Problem to solve
Copy out every line of the records where the string "positive" occurs.
Top of The records
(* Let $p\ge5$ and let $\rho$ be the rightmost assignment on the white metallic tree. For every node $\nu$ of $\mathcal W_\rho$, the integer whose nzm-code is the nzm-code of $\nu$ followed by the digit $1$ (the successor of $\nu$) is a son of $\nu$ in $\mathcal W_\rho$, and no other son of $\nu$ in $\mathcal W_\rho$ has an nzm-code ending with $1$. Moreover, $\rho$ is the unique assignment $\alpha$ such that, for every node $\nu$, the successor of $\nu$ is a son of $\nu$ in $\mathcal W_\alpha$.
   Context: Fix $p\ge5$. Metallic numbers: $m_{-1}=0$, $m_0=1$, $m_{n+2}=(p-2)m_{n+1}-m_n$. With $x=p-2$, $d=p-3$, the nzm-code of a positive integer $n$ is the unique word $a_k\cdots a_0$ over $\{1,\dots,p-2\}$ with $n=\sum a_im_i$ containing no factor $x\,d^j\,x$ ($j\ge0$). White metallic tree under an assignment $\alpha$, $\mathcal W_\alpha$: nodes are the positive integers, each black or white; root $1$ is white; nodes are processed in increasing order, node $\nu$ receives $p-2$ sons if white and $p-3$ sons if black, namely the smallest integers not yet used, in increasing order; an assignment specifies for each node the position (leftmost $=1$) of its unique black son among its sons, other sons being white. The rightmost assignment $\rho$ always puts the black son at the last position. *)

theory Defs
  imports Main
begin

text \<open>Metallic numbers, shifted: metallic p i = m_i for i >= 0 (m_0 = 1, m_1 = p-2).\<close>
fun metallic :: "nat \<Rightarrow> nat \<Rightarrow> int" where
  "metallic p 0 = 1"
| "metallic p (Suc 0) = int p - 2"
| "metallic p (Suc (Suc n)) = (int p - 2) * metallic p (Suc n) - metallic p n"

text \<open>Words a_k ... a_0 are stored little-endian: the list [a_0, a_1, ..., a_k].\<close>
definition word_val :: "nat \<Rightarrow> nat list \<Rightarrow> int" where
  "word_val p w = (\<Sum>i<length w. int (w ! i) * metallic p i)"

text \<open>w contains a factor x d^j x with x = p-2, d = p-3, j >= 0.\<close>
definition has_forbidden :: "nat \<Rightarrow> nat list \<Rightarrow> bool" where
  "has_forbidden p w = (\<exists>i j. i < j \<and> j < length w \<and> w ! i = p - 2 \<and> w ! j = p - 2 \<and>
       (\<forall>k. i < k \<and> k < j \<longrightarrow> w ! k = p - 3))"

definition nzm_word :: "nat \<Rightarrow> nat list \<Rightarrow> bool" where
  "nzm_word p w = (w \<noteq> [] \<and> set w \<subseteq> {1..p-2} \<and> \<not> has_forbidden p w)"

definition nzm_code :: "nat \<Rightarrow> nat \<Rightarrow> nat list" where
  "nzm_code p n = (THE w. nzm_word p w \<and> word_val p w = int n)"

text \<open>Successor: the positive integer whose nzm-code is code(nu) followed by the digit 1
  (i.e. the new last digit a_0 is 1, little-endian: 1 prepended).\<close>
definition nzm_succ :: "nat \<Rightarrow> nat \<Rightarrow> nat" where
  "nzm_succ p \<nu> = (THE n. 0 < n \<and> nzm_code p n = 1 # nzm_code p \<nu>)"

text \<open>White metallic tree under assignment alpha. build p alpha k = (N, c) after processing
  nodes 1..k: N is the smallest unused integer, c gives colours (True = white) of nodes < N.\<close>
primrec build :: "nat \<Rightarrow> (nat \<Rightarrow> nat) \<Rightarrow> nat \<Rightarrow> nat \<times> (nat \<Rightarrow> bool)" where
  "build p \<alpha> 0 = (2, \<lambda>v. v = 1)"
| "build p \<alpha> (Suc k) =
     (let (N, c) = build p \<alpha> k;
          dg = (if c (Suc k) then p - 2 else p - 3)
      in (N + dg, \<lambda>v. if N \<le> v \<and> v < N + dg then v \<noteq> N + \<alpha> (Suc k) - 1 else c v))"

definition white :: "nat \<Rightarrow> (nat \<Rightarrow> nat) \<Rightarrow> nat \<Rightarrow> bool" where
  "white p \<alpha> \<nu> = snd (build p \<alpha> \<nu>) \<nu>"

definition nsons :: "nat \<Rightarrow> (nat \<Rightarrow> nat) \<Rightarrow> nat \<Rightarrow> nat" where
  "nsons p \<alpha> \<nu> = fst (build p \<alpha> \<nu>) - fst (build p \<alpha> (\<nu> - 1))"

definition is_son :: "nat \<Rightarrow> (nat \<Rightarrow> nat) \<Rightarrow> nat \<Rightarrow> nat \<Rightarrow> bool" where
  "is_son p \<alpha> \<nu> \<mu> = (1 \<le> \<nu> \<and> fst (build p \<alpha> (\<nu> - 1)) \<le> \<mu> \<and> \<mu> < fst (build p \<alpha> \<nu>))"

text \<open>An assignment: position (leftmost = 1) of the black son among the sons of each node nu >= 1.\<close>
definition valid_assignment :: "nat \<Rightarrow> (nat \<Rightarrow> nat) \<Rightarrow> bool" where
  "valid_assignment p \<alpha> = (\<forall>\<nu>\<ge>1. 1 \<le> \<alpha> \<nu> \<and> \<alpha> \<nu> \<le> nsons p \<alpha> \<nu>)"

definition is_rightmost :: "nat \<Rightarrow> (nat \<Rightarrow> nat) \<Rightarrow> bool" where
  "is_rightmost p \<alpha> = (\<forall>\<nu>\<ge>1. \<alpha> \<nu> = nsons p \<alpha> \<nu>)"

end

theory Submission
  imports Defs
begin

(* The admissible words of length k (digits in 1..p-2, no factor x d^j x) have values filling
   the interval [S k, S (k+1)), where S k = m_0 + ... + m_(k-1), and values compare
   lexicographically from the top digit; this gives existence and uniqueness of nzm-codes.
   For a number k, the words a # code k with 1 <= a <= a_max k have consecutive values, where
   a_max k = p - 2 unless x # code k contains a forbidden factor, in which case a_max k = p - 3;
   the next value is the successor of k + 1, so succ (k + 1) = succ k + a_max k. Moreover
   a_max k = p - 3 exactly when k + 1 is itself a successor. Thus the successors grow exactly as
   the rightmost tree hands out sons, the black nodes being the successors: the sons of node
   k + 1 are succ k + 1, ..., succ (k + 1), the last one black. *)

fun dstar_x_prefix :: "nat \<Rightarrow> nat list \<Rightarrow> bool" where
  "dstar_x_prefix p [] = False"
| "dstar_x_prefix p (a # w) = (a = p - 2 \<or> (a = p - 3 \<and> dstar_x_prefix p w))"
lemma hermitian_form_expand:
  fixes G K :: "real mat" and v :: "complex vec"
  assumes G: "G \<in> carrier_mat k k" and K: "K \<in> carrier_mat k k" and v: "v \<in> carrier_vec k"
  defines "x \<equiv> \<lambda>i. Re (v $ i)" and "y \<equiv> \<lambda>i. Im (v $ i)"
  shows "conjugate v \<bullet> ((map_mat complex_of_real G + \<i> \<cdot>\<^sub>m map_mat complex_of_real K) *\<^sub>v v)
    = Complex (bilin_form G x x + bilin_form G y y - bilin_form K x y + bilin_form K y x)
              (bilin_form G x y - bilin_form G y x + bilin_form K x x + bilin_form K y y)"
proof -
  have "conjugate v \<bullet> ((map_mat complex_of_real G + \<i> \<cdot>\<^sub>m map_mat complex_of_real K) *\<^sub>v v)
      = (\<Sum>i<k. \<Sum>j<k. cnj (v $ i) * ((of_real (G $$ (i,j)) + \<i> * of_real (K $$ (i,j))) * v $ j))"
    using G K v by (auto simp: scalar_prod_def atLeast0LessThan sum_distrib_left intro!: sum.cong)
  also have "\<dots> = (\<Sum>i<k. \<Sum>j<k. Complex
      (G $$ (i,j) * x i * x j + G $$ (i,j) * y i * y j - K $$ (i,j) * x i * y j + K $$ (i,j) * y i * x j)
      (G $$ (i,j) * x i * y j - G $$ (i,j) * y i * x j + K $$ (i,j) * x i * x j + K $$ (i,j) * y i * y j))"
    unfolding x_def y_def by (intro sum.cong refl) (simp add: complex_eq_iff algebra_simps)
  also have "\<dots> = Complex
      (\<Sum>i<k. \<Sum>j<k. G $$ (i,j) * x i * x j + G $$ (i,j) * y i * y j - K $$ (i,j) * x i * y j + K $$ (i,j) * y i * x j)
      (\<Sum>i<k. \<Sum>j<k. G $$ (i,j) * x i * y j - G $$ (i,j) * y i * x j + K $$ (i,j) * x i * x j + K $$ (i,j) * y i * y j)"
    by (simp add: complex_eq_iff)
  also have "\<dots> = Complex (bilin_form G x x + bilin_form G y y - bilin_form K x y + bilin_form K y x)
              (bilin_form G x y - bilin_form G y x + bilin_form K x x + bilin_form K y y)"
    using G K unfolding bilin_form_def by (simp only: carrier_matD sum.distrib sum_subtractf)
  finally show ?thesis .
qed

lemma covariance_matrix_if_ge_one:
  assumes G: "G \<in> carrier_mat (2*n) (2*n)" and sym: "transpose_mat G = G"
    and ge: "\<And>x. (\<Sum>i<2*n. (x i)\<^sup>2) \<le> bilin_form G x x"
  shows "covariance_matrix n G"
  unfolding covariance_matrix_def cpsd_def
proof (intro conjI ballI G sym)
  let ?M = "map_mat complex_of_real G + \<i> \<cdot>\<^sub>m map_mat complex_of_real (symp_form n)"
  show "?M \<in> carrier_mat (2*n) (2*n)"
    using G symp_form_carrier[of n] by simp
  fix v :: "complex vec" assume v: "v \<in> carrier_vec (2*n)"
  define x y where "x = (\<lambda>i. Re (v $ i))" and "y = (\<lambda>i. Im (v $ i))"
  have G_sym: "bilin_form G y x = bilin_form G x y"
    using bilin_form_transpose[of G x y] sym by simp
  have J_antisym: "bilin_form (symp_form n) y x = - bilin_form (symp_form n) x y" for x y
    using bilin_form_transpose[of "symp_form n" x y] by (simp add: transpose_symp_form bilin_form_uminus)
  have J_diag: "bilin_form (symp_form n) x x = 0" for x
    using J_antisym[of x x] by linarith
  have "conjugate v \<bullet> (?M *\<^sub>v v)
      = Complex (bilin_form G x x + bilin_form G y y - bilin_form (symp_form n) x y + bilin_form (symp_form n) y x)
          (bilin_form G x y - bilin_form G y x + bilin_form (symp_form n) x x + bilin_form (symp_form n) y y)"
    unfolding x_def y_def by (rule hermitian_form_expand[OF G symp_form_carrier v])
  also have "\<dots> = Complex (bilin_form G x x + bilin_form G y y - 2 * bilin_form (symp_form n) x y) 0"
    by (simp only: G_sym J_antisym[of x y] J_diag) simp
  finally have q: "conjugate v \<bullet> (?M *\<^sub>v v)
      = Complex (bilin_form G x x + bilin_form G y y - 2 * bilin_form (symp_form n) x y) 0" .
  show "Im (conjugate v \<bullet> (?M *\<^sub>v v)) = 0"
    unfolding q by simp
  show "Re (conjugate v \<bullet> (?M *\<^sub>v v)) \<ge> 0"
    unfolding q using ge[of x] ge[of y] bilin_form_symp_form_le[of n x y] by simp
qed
Bottom of The records
Task response
   Context: Fix $p\ge5$. Metallic numbers: $m_{-1}=0$, $m_0=1$, $m_{n+2}=(p-2)m_{n+1}-m_n$. With $x=p-2$, $d=p-3$, the nzm-code of a positive integer $n$ is the unique word $a_k\cdots a_0$ over $\{1,\dots,p-2\}$ with $n=\sum a_im_i$ containing no factor $x\,d^j\,x$ ($j\ge0$). White metallic tree under an assignment $\alpha$, $\mathcal W_\alpha$: nodes are the positive integers, each black or white; root $1$ is white; nodes are processed in increasing order, node $\nu$ receives $p-2$ sons if white and $p-3$ sons if black, namely the smallest integers not yet used, in increasing order; an assignment specifies for each node the position (leftmost $=1$) of its unique black son among its sons, other sons being white. The rightmost assignment $\rho$ always puts the black son at the last position. *)
text \<open>Successor: the positive integer whose nzm-code is code(nu) followed by the digit 1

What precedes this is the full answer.